There are several flaws to this model and I'll categorize them as 1. Data Selection, 2. Size, 3. Consistency. 

1. Data Selection
> When I selected the data, I did not do it randomly. Instead, I selected the first 1500 and merged it with the last 1500 messages. Why? Because the first half of the whole conversations data were only male-user whereas the last half was only female-users. It has to do with how I merged the dataframes. Additionally, this meant that the messages used in the testing and training data came from only a handful of users. For next time, I'll take the time to find a function that will randomly select the messages used.
2. Size
> My model needs much more examples to train on. Out of the ~3000 messages, only 503 were rated as 1. 
3. Consistency
> When I was rating the polarity of the training dataset, I realized that I did't have a proper definition of what flirting means. What Carson (Thank you again) thought was "not flirting", I would consider otherwise and vice versa. Does that mean I should include more fields to measure? More than likely.

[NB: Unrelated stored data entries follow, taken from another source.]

text \<open>Foster's argument: along the chain killed at x, U decreases in mean by at least e per
  jump, so e times the expected number of jumps before reaching x is at most U.\<close>

lemma drift_bounds_avoid_probs:
  fixes U :: "'a \<Rightarrow> ennreal"
  assumes drift: "\<And>y. y \<noteq> x \<Longrightarrow> e + (\<Sum>\<^sub>\<infinity>z. jump_prob Q y z * U z) \<le> U y"
  shows "y \<noteq> x \<Longrightarrow> e * (\<Sum>k<n. avoid_prob Q x y k) \<le> U y"
proof (induction n arbitrary: y)
  case (Suc n)
  have "e * (\<Sum>k<Suc n. avoid_prob Q x y k)
      = e + (\<Sum>\<^sub>\<infinity>z\<in>- {x}. jump_prob Q y z * (e * (\<Sum>k<n. avoid_prob Q x z k)))"
    unfolding sum.lessThan_Suc_shift
    by (simp add: avoid_prob_Suc infsum_sum_ennreal sum_distrib_left distrib_left
        infsum_cmult_right_ennreal[symmetric] mult.left_commute)
  also have "\<dots> \<le> e + (\<Sum>\<^sub>\<infinity>z\<in>- {x}. jump_prob Q y z * U z)"
    by (intro add_left_mono infsum_mono mult_left_mono Suc.IH) auto
  also have "\<dots> \<le> e + (\<Sum>\<^sub>\<infinity>z. jump_prob Q y z * U z)"
    by (intro add_left_mono infsum_mono_set_ennreal) auto
  also have "\<dots> \<le> U y" by (rule drift[OF Suc.prems])
  finally show ?case .
qed simp
lemma distance_regular_c_1: "1 \<le> D \<Longrightarrow> c 1 = 1"
proof -
  assume "1 \<le> D"
  then obtain x y where "x \<in> V" "y \<in> V" "gdist E x y = 1" using distance_attained by blast
  moreover from this have "E x y" using gdist_path[OF connected, of x y] by auto
  ultimately have "{z \<in> V. E y z \<and> gdist E x z + 1 = gdist E x y} = {x}"
    using gdist_eq_0_iff[OF connected] sym by auto
  then show ?thesis using c_card[OF \<open>x \<in> V\<close> \<open>y \<in> V\<close>] \<open>gdist E x y = 1\<close> by simp
qed

lemma distance_regular_valency: "0 < i \<Longrightarrow> i \<le> D \<Longrightarrow> c i + a i + b i = b 0"
proof -
  assume "0 < i" "i \<le> D"
  then obtain x y where xy: "x \<in> V" "y \<in> V" "gdist E x y = i" using distance_attained by blast
  let ?C = "{z \<in> V. E y z \<and> gdist E x z + 1 = i}"
  let ?A = "{z \<in> V. E y z \<and> gdist E x z = i}"
  let ?B = "{z \<in> V. E y z \<and> gdist E x z = i + 1}"
  have neighbours: "{z \<in> V. E y z} = ?C \<union> ?A \<union> ?B"
  proof safe
    fix z assume z: "z \<in> V" "E y z" "gdist E x z \<noteq> i" "gdist E x z \<noteq> i + 1"
    have "gdist E x z \<le> i + 1" using gdist_neighbour_le[OF connected xy(1,2) z(2)] xy(3) by simp
    moreover have "i \<le> gdist E x z + 1" using gdist_neighbour_le[OF connected xy(1) z(1) sym[OF z(2)]] xy(3) by simp
    ultimately show "gdist E x z + 1 = i" using z(3,4) by linarith
  qed
  have "b 0 = card {z \<in> V. E y z}"
  proof -
    have yy: "gdist E y y = 0" using gdist_eq_0_iff[OF connected xy(2,2)] by simp
    have "gdist E y z = 1" if "z \<in> V" "E y z" for z
      using gdist_neighbour_le[OF connected xy(2,2) that(2)] gdist_eq_0_iff[OF connected xy(2) that(1)]
        irrefl that yy by fastforce
    then have "{z \<in> V. E y z} = {z \<in> V. E y z \<and> gdist E y z = gdist E y y + 1}"
      using yy by auto
    then show ?thesis using b_card[OF xy(2,2)] yy by simp
  qed
  also have "\<dots> = card ?C + card ?A + card ?B"
    unfolding neighbours using finite_V
    by (subst card_Un_disjoint, auto, subst card_Un_disjoint, auto)
  finally show ?thesis using c_card[OF xy(1,2)] a_card[OF xy(1,2)] b_card[OF xy(1,2)] xy(3) \<open>0 < i\<close> by simp
qed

All in all, while it was fun to see what the flirtation model could look like but I have a long journey ahead of me. There's so much more I need to learn when it comes to sentiment analysis, NLP, and general machine learning. I find it to be excellent practice for the long run and am eager to see what other projects I can create next.